For regulars to this blog, you should know my personal involvement and feelings regarding the Huguette Clark estate (search my blog for numerous posts on the topic).  So, when Bill Dedman’s email with a link to his latest piece on the Clark estate came through this morning, it wasn’t surprising.  The title says it all:  “Kin of heiress Huguette Clark in talks to receive share of $300 million estate.” Click the title if you want to see the article!

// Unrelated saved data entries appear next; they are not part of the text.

lemma planar_generated_set_unique_lines:
  assumes "plane_line L1" and "plane_line L2" and "L1 \<noteq> L2" and "planar (generated_set L1 L2)"
    and "plane_line M1" and "plane_line M2" and "M1 \<noteq> M2"
    and same: "generated_set M1 M2 = generated_set L1 L2"
  shows "{M1, M2} = {L1, L2}"
proof -
  obtain c u r where "u \<noteq> 0" "r > 0" and S: "generated_set L1 L2 = beyond_height (line c u) r"
    and T: "{L1, L2} = {L. (\<exists>w. L = (\<lambda>p. w + p) ` line c u) \<and> setdist L (line c u) = r}"
    by (rule planar_generated_set_structure[OF assms(1-4)])
  have "planar (generated_set M1 M2)" using same assms(4) by simp
  then obtain c' u' r' where "u' \<noteq> 0" "r' > 0" and S': "generated_set M1 M2 = beyond_height (line c' u') r'"
    and T': "{M1, M2} = {L. (\<exists>w. L = (\<lambda>p. w + p) ` line c' u') \<and> setdist L (line c' u') = r'}"
    by (rule planar_generated_set_structure[OF assms(5-7)])
  have "beyond_height (line c' u') r' = beyond_height (line c u) r" using S S' same by simp
  moreover have "line c' u' \<noteq> {}" using base_in_line by blast
  ultimately have "line c' u' = line c u" "r' = r"
    using beyond_height_inject \<open>r' > 0\<close> \<open>r > 0\<close> by (metis less_imp_le)+
  then show ?thesis using T T' by simp
qed

theorem corollary3p9:
  fixes L1 L2 :: "(real \<times> real) set"
  assumes "plane_line L1" and "plane_line L2" and "L1 \<noteq> L2"
    and "planar (generated_set L1 L2)"
  shows "(\<forall>M1 M2. plane_line M1 \<and> plane_line M2 \<and> M1 \<noteq> M2
                 \<and> generated_set M1 M2 = generated_set L1 L2 \<longrightarrow> {M1, M2} = {L1, L2})
       \<and> (\<exists>H1 H2. half_plane H1 \<and> half_plane H2 \<and> H1 \<inter> H2 = {}
                 \<and> generated_set L1 L2 = H1 \<union> H2
                 \<and> plane_line (proj_xy ` generated_set L1 L2)
                 \<and> {L1, L2} = {L. (\<exists>v. L = (\<lambda>p. v + p) ` (proj_xy ` generated_set L1 L2))
                                 \<and> setdist L (proj_xy ` generated_set L1 L2) = setdist H1 H2 / 2})"
proof -
  obtain c u r where "u \<noteq> 0" "r > 0" and S: "generated_set L1 L2 = beyond_height (line c u) r"
    and T: "{L1, L2} = {L. (\<exists>w. L = (\<lambda>p. w + p) ` line c u) \<and> setdist L (line c u) = r}"
    by (rule planar_generated_set_structure[OF assms])
  obtain H1 H2 where "half_plane H1" "half_plane H2" "H1 \<inter> H2 = {}"
    and "beyond_height (line c u) r = H1 \<union> H2" and "setdist H1 H2 = 2 * r"
    by (rule beyond_height_line_split[OF \<open>u \<noteq> 0\<close> \<open>r > 0\<close>])
  moreover have "proj_xy ` generated_set L1 L2 = line c u" unfolding S by (rule proj_xy_beyond_height)
  moreover have "plane_line (line c u)" using \<open>u \<noteq> 0\<close> unfolding plane_line_iff_line by blast
  moreover have "setdist H1 H2 / 2 = r" using \<open>setdist H1 H2 = 2 * r\<close> by simp
  ultimately show ?thesis
    using planar_generated_set_unique_lines[OF assms] S T
    by (intro conjI allI impI exI[of _ H1] exI[of _ H2]) auto
qed

end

All not surprising – the whole story was a ruse from the start to squeeze some bucks out of the estate.  All of the accusations, negative stories about the estate attorney and accountant, the law suit against the hospital, all of it was for one purpose and one purpose only: how much money can we (the relatives who had nothing whatsoever to do with Ms. Clark) get out of the old lady – who to their chagrin lived to the ripe old age of 104 and only signed a will very late in the game.  Ironically and perhaps with divine justice, Ms. Clark outlived so many of the family who were to me scheming and planning and waiting to get her money (having squandered their wealth over the years).  It could have been billions of dollars, too, had her assets been managed professionally.

Here is a snip-it from the linked article that says it all:  “Fourteen of the 19 said in legal papers that they never met their reclusive aunt. The last time any of them recalled speaking with her in person was in 1957, although some said hello when their parents were on the phone with Huguette on holidays.”  I think they were stretching the truth even there.  Ms. Clark was a recluse and these “relatives” were descendants of her half-siblings (all of whom were adults when she was born) who probably didn’t appreciate their father’s new late in life family.

So what do walk away with from these stories?  The unfortunate reality is that estate challenges – from next-of-kin only – don’t follow the normal “frivolous law suit” standard that other legal cases do.  There is almost no way around it.  Planned giving fundraisers – do your best to make sure family knows what your donors are doing, keep good files and don’t be surprised when the family fights the will.  Usually it is the long lost nieces and nephews and other more distant relatives who fight the most.  No guilt about their parents, just greed and easy money.